Bulk Upload but search cant find all docs

I have done a bulk upload via the API in python as follows:

def to_bulk_doc(_doc):
        return {
            # default value: 'index'
            '_op_type': 'index',
            '_index': es_index,
            '_id': uuid.uuid4(),
            '_source': _doc,
            '_type': 'document'
        }
  for doc in json_docs_list:
            json_doc = json_docs_list[0]
            doc_resources: list = json.loads(doc)['resources']
            # split doc_resources into a list-of-lists, where each list has max=max_batch_size elements
            chunks = chunked(doc_resources, max_batch_size)
            for batch in chunks:
                # convert batch of json docs to a format compatible with bulk API using the 'to_bulk_doc' 
                function defined above
                actions = map(to_bulk_doc, batch)
                res = helpers.bulk(client=es, actions=actions)
                print(res)

This successfully uploads the documents to the index:
In Dev Tools: GET /_cat/indices/es_index?v=true

health status index uuid pri rep docs.count docs.deleted store.size pri.store.size
green open es_index Xngti... 5 1 304444 0 445.3mb 222.5mb

But searching in Kibana Dev Tools with:
GET es_index/_search
only returns 346 lines and nothing else, yet there is supposed to be 304K documents?

Any ideas what might be wrong?
Thanks!

Hi @GaryD ,

welcome to the Kibana community.

How many hits are shown in the hits.total.value? Still 346 or 304k?

Thanks Marco, have you got the Kibana Dev Tools Get for that?
GET hits.total.value returns 404

Hi @GaryD

I think that there's a misunderstanding.

I meant this field in the response:

{
  "took" : 5,
  "timed_out" : false,
  "_shards" : {
...
  },
  "hits" : {
    "total" : {
      "value" : 4675, <== this number here
      "relation" : "eq"
    },
...

Thanks Marco, I dont seem to have a value attribute:

{
  "took": 19,
  "timed_out": false,
  "_shards": {
    "total": 5,
    "successful": 5,
    "skipped": 0,
    "failed": 0
  },
  "hits": {
    "total": 304444,
    "max_score": 1,
    "hits": [
      {
        "_index": "es_index",
        "_type": "document",
        "_id": "0cca6ec0-4772-4526-93bb-a437ced2698d",
        "_score": 1,
        "_source": {
          "metadata": {
            "guid": "8532129b-65c9-4701-add4-23601af9c3e5",
            "url": "/v2/events/8532129b-65c9-4701-add4-23601af9c3e5",
            "created_at": "2016-11-20T00:02:10Z",
            "updated_at": null
          },

You have hits.total which is showing that all the 304k documents have been hit.
Note that ES is returning by design a limited set of hits in the hits list: you could retrieve more results using the size parameter in the requests, but I'd advice to not fetch too many documents at once, rather paginate the requests.
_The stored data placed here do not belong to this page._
lemma isCont_kahan:
  fixes \<gamma> :: "'b::t2_space \<Rightarrow> nat \<Rightarrow> 'a::real_normed_field"
  assumes T: "finite T" and i: "i \<in> T" and det: "det (kahan_mat T A (\<gamma> a)) \<noteq> 0"
    and \<gamma>: "\<And>l. isCont (\<lambda>s. \<gamma> s l) a"
  shows "isCont (\<lambda>s. kahan T A (\<gamma> s) i) a"
    and "isCont (\<lambda>s. partial (\<lambda>w. kahan T A w i) k (\<gamma> s)) a"
proof -
  obtain p where "p \<in> poly_fun"
    and "\<And>w. det (kahan_mat T A w) \<noteq> 0 \<Longrightarrow> kahan T A w i = p w / det (kahan_mat T A w)"
    using kahan_poly_quotient[OF T i] by blast
  from isCont_poly_quotient[OF this(1) poly_fun_det_kahan_mat[OF T] this(2) det \<gamma>]
  show "isCont (\<lambda>s. kahan T A (\<gamma> s) i) a"
    and "isCont (\<lambda>s. partial (\<lambda>w. kahan T A w i) k (\<gamma> s)) a"
    by blast+
qed

lemma isCont_pbracket:
  assumes "finite T" and "\<And>l. isCont (\<lambda>s. \<gamma> s l) a"
    and "\<And>k. isCont (\<lambda>s. partial f k (\<gamma> s)) a" and "\<And>k. isCont (\<lambda>s. partial g k (\<gamma> s)) a"
  shows "isCont (\<lambda>s. pbracket T A f g (\<gamma> s)) a"
  unfolding pbracket_def using assms by (intro continuous_intros)

section \<open>Restriction to a coordinate subspace\<close>

definition coord_proj :: "nat set \<Rightarrow> (nat \<Rightarrow> 'a::zero) \<Rightarrow> nat \<Rightarrow> 'a" where
  "coord_proj T x = (\<lambda>l. if l \<in> T then x l else 0)"

lemma coord_proj_fun_upd: "k \<in> T \<Longrightarrow> coord_proj T ((coord_proj T x)(k := t)) = coord_proj T (x(k := t))"
  unfolding coord_proj_def by auto

lemma kahan_eqs_coord_proj: "kahan_eqs T A (coord_proj T x) = kahan_eqs T A x"
  unfolding kahan_eqs_def coord_proj_def by (intro ext) (auto cong: sum.cong)

lemma kahan_coord_proj: "kahan T A (coord_proj T x) = kahan T A x"
  unfolding kahan_def kahan_eqs_coord_proj ..

lemma kahan_defined_coord_proj: "kahan_defined T A (coord_proj T x) = kahan_defined T A x"
  unfolding kahan_defined_def kahan_eqs_coord_proj ..

lemma pbracket_coord_proj:
  assumes f: "\<And>x. f (coord_proj T x) = f x" and g: "\<And>x. g (coord_proj T x) = g x"
  shows "pbracket T A f g (coord_proj T x) = pbracket T A f g x"
proof -
  have partial_eq: "partial h k (coord_proj T x) = partial h k x"
    if h: "\<And>x. h (coord_proj T x) = h x" and k: "k \<in> T" for h :: "(nat \<Rightarrow> 'a) \<Rightarrow> 'a" and k
  proof -
    have "h ((coord_proj T x)(k := t)) = h (x(k := t))" for t
      by (metis h coord_proj_fun_upd[OF k])
    then show ?thesis
      using k by (simp add: partial_def coord_proj_def)
  qed
  have "coord_proj T x k = x k" if "k \<in> T" for k
    using that by (simp add: coord_proj_def)
  then show ?thesis
    unfolding pbracket_def
    by (intro sum.cong refl) (simp add: partial_eq[of f, OF f] partial_eq[of g, OF g])
qed

lemma pbracket_vanishing_outside:
  assumes "finite S" and "T \<subseteq> S" and "\<And>l. l \<notin> T \<Longrightarrow> z l = 0"
  shows "pbracket S A f g z = pbracket T A f g z"
proof -
  have "pbracket S A f g z = (\<Sum>k\<in>S. \<Sum>l\<in>T. A k l * z k * z l * partial f k z * partial g l z)"
    unfolding pbracket_def using assms by (intro sum.cong refl sum.mono_neutral_right) auto
  also have "\<dots> = pbracket T A f g z"
    unfolding pbracket_def using assms by (intro sum.mono_neutral_right) auto
  finally show ?thesis .
qed

definition decoupled :: "nat set \<Rightarrow> nat set \<Rightarrow> (nat \<Rightarrow> nat \<Rightarrow> 'a::comm_ring_1) \<Rightarrow> (nat \<Rightarrow> 'a) \<Rightarrow> bool"
  where "decoupled S T A z \<longleftrightarrow> (\<forall>l. l \<notin> T \<longrightarrow> z l = 0) \<and> (\<forall>i\<in>S - T. (\<Sum>j\<in>S. A i j * z j) \<noteq> 1)"

lemma kahan_eqs_decoupled:
  assumes S: "finite S" and TS: "T \<subseteq> S" and dec: "decoupled S T A z"
  shows "kahan_eqs S A z = kahan_eqs T A z"
proof
  fix y
  have z: "z l = 0" if "l \<notin> T" for l
    using dec that unfolding decoupled_def by blast
  have restrict_sums: "kahan_eqs S A z y \<longleftrightarrow> kahan_eqs T A z y" if y: "\<And>l. l \<notin> T \<Longrightarrow> y l = 0"
  proof -
    have "(\<Sum>j\<in>S. A i j * w j) = (\<Sum>j\<in>T. A i j * w j)" if "\<And>l. l \<notin> T \<Longrightarrow> w l = 0" for i w
      using S TS that by (intro sum.mono_neutral_right) auto
    then show ?thesis
      unfolding kahan_eqs_def using TS y z by auto
  qed
  have "y l = 0" if eqs: "kahan_eqs S A z y" and l: "l \<notin> T" for l
  proof (cases "l \<in> S")
    case True
    have "y l - z l = y l * (\<Sum>j\<in>S. A l j * z j) + z l * (\<Sum>j\<in>S. A l j * y j)"
      using eqs True unfolding kahan_eqs_def by blast
    then have "y l * (1 - (\<Sum>j\<in>S. A l j * z j)) = 0"
      using z[OF l] by (simp add: algebra_simps)
    then show ?thesis
      using dec True l unfolding decoupled_def by auto
  qed (use eqs in \<open>auto simp: kahan_eqs_def\<close>)
  then show "kahan_eqs S A z y = kahan_eqs T A z y"
    using restrict_sums unfolding kahan_eqs_def by blast
qed

lemma kahan_decoupled:
  assumes "finite S" and "T \<subseteq> S" and "decoupled S T A z"
  shows "kahan S A z = kahan T A z"
  unfolding kahan_def kahan_eqs_decoupled[OF assms] ..

lemma decoupled_fun_upd_eventually:
  fixes z :: "nat \<Rightarrow> 'a::real_normed_field"
  assumes S: "finite S" and dec: "decoupled S T A z" and k: "k \<in> T"
  shows "eventually (\<lambda>t. decoupled S T A (z(k := t))) (nhds (z k))"
proof -
  have "eventually (\<lambda>t. (\<Sum>j\<in>S. A i j * (z(k := t)) j) \<noteq> 1) (nhds (z k))" if "i \<in> S - T" for i
  proof (rule isCont_eventually_neq)
    show "isCont (\<lambda>t. \<Sum>j\<in>S. A i j * (z(k := t)) j) (z k)"
      by (intro continuous_intros isCont_fun_upd_apply)
    show "(\<Sum>j\<in>S. A i j * (z(k := z k)) j) \<noteq> 1"
      using dec that unfolding decoupled_def by simp
  qed
  then have "eventually (\<lambda>t. \<forall>i\<in>S - T. (\<Sum>j\<in>S. A i j * (z(k := t)) j) \<noteq> 1) (nhds (z k))"
    using S by (intro eventually_ball_finite) auto
  then show ?thesis
    by eventually_elim (use dec k in \<open>auto simp: decoupled_def\<close>)
qed

lemma partial_kahan_decoupled:
  assumes S: "finite S" and TS: "T \<subseteq> S" and dec: "decoupled S T A z" and k: "k \<in> T"
  shows "partial (\<lambda>w. kahan S A w i) k z = partial (\<lambda>w. kahan T A w i) k z"
proof -
  have "eventually (\<lambda>t. kahan S A (z(k := t)) i = kahan T A (z(k := t)) i) (nhds (z k))"
    using decoupled_fun_upd_eventually[OF S dec k]
    by eventually_elim (simp add: kahan_decoupled[OF S TS])
  then show ?thesis
    unfolding partial_def by (rule deriv_cong_ev) simp
qed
You can read more about it here: Paginate search results | Elasticsearch Guide [7.13] | Elastic

Thanks Marco, much appreciated.
So if I have to paginate can I still build visual dashboard on the full index and search for hits like a normal index that has been populated by filebeat etc?

When building visualization you most probably will pass through some aggregation, so all your documents will be hit, no pagination will occur on that side.

1 Like

Thank you, let me read some more on pagination and see if we can get the data out we need. Appreciate your fast responses here. Have a good weekend.

This topic was automatically closed 28 days after the last reply. New replies are no longer allowed.